■ TASK PROMPT:
In the listing below, locate the line that contains "by (intro mem_cycle_nbhd_progression)" and the line that contains "text \<open>Fibers outside". Restate word for word those two lines and every line between them, and nothing else.

▶

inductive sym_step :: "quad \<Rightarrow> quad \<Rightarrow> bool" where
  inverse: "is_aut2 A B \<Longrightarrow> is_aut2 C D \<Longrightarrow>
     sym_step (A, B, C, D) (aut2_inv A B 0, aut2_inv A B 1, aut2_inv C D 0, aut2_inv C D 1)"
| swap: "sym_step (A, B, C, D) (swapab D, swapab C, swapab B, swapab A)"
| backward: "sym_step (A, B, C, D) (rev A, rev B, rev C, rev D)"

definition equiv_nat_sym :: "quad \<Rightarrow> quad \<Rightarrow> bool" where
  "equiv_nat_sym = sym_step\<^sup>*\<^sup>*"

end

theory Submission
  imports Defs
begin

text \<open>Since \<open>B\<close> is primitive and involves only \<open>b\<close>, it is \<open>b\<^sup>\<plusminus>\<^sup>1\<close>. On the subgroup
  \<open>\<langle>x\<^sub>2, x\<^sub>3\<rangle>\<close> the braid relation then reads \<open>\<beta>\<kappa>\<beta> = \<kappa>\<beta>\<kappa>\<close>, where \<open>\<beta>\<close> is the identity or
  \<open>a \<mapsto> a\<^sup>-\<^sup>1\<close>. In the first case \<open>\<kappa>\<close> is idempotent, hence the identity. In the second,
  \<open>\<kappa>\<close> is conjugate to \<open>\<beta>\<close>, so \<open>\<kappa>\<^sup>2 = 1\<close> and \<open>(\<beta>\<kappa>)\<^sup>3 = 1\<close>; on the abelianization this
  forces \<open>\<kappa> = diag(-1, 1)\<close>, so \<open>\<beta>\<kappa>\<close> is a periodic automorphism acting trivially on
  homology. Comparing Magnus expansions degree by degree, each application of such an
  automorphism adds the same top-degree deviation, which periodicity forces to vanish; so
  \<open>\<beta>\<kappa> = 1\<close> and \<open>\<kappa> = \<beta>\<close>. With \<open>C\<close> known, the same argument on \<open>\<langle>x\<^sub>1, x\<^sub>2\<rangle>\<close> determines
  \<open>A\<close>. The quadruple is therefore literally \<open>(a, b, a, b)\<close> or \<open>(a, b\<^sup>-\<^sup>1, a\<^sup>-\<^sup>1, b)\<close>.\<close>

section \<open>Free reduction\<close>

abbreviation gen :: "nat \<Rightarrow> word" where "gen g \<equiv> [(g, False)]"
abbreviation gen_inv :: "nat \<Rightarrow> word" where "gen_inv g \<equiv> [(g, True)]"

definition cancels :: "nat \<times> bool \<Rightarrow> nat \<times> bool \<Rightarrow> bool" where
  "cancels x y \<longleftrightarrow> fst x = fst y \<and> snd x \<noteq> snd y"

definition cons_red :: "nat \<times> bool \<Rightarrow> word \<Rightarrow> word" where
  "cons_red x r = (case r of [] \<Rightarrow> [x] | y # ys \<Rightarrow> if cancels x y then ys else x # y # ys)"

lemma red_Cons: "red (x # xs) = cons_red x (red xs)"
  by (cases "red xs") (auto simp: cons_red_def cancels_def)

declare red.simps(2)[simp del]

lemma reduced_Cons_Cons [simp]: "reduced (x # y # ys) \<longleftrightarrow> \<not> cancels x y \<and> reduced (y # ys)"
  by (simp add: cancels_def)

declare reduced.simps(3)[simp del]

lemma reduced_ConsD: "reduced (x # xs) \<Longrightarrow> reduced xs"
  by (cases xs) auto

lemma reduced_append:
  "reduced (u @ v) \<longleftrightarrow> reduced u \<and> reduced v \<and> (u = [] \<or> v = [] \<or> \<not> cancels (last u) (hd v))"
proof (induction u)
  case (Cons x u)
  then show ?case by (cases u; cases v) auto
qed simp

◀
▶

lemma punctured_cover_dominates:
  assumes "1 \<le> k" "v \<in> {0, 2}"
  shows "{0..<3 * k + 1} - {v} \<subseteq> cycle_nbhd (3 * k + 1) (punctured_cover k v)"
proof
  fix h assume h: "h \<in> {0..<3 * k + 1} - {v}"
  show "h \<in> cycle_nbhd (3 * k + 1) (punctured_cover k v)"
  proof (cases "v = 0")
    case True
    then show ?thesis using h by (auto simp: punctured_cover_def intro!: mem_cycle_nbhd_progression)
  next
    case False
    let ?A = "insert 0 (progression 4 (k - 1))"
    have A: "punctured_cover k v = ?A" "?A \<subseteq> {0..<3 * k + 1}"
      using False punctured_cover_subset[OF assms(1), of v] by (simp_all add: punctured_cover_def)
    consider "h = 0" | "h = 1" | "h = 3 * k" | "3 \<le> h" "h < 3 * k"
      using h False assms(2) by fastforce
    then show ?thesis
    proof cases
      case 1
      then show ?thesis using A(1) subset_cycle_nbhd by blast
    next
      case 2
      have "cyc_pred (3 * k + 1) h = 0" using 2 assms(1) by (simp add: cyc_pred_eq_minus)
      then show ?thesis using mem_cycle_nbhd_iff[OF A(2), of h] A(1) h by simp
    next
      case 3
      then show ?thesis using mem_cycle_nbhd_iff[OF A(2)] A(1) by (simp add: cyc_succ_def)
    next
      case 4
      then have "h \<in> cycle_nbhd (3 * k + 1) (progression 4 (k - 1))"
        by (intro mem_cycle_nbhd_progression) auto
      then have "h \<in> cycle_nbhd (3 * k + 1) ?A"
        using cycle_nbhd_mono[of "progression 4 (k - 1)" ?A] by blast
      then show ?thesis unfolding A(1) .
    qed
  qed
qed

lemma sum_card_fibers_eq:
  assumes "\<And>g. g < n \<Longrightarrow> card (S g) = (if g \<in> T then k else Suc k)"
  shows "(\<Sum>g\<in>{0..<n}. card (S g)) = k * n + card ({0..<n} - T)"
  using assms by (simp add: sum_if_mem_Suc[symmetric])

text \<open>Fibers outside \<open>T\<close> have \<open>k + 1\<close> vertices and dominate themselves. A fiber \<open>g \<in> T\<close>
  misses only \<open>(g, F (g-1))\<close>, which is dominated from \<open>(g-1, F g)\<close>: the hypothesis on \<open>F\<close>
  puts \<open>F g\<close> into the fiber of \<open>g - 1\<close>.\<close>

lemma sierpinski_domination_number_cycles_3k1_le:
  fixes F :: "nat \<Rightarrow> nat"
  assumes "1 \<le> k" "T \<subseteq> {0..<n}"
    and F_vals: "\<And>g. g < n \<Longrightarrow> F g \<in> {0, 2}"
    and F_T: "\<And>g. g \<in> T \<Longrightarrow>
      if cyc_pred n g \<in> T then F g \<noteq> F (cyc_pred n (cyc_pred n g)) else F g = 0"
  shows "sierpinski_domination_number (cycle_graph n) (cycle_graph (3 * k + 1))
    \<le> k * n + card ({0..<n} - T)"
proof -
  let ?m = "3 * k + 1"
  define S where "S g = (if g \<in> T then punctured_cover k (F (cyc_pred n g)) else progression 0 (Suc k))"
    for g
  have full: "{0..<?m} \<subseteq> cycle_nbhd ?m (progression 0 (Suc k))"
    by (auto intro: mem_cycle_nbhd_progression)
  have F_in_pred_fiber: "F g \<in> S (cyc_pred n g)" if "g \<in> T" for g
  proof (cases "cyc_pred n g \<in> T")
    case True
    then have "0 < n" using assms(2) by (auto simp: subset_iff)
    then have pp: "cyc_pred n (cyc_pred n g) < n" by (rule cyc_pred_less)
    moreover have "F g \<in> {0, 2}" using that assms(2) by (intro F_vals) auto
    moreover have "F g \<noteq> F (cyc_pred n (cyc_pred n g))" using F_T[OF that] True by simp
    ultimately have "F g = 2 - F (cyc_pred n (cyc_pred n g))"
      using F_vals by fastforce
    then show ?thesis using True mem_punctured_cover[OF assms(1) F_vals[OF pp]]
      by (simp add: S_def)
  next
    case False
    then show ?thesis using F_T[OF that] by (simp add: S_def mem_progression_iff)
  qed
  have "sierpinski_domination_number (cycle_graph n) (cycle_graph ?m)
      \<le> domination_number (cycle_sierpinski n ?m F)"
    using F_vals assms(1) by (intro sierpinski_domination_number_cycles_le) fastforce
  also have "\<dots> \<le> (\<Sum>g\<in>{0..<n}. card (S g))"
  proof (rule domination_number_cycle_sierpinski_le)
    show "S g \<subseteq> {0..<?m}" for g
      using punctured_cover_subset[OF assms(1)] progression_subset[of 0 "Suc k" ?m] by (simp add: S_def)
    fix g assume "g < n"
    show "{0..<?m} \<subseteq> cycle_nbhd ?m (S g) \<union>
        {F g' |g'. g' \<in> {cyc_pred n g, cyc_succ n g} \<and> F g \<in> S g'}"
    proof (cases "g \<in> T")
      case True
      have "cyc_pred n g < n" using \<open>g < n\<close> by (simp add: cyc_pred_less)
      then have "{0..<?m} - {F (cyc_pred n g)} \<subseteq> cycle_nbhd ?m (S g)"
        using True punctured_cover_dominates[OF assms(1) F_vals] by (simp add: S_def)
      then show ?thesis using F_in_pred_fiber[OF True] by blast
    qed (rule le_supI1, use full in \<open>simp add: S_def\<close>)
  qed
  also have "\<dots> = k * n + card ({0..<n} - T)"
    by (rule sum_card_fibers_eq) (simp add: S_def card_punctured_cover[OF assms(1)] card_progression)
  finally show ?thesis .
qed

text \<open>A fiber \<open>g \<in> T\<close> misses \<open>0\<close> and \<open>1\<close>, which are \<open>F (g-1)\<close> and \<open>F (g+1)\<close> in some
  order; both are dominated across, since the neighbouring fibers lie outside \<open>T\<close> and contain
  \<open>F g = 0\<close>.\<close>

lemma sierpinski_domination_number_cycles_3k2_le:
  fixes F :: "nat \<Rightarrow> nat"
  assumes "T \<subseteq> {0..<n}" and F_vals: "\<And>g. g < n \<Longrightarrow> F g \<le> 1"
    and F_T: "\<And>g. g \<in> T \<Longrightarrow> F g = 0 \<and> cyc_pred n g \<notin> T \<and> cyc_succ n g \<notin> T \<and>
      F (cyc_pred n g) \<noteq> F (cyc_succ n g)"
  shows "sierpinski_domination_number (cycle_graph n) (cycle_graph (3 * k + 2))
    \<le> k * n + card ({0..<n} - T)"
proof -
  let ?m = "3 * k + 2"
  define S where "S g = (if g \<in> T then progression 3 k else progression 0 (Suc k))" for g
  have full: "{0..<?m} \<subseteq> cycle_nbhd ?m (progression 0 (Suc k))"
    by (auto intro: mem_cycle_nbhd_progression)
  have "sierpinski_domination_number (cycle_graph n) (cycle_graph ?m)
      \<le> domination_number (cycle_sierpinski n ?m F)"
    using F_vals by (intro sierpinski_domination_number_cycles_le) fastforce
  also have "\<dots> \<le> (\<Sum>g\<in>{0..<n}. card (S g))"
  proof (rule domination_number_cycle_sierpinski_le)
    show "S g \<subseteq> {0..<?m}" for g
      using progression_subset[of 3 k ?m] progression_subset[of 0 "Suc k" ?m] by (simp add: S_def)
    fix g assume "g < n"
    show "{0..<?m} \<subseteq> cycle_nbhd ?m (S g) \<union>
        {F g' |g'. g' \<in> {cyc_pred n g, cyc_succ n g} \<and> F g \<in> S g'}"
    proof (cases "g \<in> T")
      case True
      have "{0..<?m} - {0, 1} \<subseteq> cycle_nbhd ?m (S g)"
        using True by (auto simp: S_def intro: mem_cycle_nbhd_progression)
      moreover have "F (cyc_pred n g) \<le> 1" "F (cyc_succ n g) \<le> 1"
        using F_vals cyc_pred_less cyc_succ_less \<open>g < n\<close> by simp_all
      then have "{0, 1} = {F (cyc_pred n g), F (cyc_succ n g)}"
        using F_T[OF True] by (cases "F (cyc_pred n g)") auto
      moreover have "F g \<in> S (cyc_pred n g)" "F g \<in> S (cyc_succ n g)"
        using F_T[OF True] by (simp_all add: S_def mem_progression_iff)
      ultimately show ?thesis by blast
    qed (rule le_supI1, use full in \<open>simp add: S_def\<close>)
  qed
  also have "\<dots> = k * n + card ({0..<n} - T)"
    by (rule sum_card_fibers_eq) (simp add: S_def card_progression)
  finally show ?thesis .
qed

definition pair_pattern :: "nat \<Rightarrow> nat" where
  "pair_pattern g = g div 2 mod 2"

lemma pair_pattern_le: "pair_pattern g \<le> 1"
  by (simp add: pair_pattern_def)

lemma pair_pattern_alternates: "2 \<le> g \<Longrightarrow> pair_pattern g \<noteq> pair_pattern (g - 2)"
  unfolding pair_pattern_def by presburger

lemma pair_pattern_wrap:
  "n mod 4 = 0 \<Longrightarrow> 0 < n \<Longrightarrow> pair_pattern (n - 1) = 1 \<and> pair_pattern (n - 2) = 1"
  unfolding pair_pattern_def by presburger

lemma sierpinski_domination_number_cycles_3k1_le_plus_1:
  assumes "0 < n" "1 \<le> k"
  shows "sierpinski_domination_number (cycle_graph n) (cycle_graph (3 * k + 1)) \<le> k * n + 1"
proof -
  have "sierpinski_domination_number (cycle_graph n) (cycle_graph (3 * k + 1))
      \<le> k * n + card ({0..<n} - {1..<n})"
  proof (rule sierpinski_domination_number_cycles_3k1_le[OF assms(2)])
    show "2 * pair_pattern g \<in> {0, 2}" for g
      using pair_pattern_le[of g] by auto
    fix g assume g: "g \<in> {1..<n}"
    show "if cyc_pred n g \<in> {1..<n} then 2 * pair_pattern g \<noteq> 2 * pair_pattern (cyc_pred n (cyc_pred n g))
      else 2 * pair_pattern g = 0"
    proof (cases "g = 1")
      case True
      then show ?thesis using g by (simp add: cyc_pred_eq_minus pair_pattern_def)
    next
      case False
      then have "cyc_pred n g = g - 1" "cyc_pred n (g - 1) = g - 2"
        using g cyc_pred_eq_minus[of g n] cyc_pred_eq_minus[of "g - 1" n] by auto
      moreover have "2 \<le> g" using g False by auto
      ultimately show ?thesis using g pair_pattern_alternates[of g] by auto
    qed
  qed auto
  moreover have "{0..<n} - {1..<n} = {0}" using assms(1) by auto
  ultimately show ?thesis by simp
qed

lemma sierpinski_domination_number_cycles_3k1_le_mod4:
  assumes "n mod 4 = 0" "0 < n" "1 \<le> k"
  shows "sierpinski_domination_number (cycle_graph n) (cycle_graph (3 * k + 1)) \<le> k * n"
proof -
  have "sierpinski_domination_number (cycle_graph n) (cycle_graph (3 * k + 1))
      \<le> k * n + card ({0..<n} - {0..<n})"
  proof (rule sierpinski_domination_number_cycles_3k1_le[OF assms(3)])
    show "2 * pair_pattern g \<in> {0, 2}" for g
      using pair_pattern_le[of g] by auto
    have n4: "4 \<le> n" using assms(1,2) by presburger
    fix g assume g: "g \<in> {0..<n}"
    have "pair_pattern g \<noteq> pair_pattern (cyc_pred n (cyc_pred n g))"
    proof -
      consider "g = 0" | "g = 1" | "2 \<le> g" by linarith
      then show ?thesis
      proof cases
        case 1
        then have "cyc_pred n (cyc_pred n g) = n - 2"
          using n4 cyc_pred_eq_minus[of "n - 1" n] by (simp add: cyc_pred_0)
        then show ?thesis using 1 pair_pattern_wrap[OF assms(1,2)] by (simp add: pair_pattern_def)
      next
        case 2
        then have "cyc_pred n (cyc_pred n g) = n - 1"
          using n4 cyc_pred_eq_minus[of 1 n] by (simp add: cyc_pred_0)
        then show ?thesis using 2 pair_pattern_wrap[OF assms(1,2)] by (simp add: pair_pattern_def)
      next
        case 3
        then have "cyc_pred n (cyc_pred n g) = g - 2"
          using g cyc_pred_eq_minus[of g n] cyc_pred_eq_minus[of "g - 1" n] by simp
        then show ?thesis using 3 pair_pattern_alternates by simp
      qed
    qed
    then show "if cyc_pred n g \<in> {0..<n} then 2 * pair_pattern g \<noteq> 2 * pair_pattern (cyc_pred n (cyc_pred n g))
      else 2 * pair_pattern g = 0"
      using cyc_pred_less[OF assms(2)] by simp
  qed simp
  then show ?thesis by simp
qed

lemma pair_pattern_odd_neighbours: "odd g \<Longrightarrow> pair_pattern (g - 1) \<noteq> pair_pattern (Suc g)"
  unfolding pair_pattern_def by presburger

◀

■ ANSWER FOR THE TASK:
        by (intro mem_cycle_nbhd_progression) auto
      then have "h \<in> cycle_nbhd (3 * k + 1) ?A"
        using cycle_nbhd_mono[of "progression 4 (k - 1)" ?A] by blast
      then show ?thesis unfolding A(1) .
    qed
  qed
qed

lemma sum_card_fibers_eq:
  assumes "\<And>g. g < n \<Longrightarrow> card (S g) = (if g \<in> T then k else Suc k)"
  shows "(\<Sum>g\<in>{0..<n}. card (S g)) = k * n + card ({0..<n} - T)"
  using assms by (simp add: sum_if_mem_Suc[symmetric])

text \<open>Fibers outside \<open>T\<close> have \<open>k + 1\<close> vertices and dominate themselves. A fiber \<open>g \<in> T\<close>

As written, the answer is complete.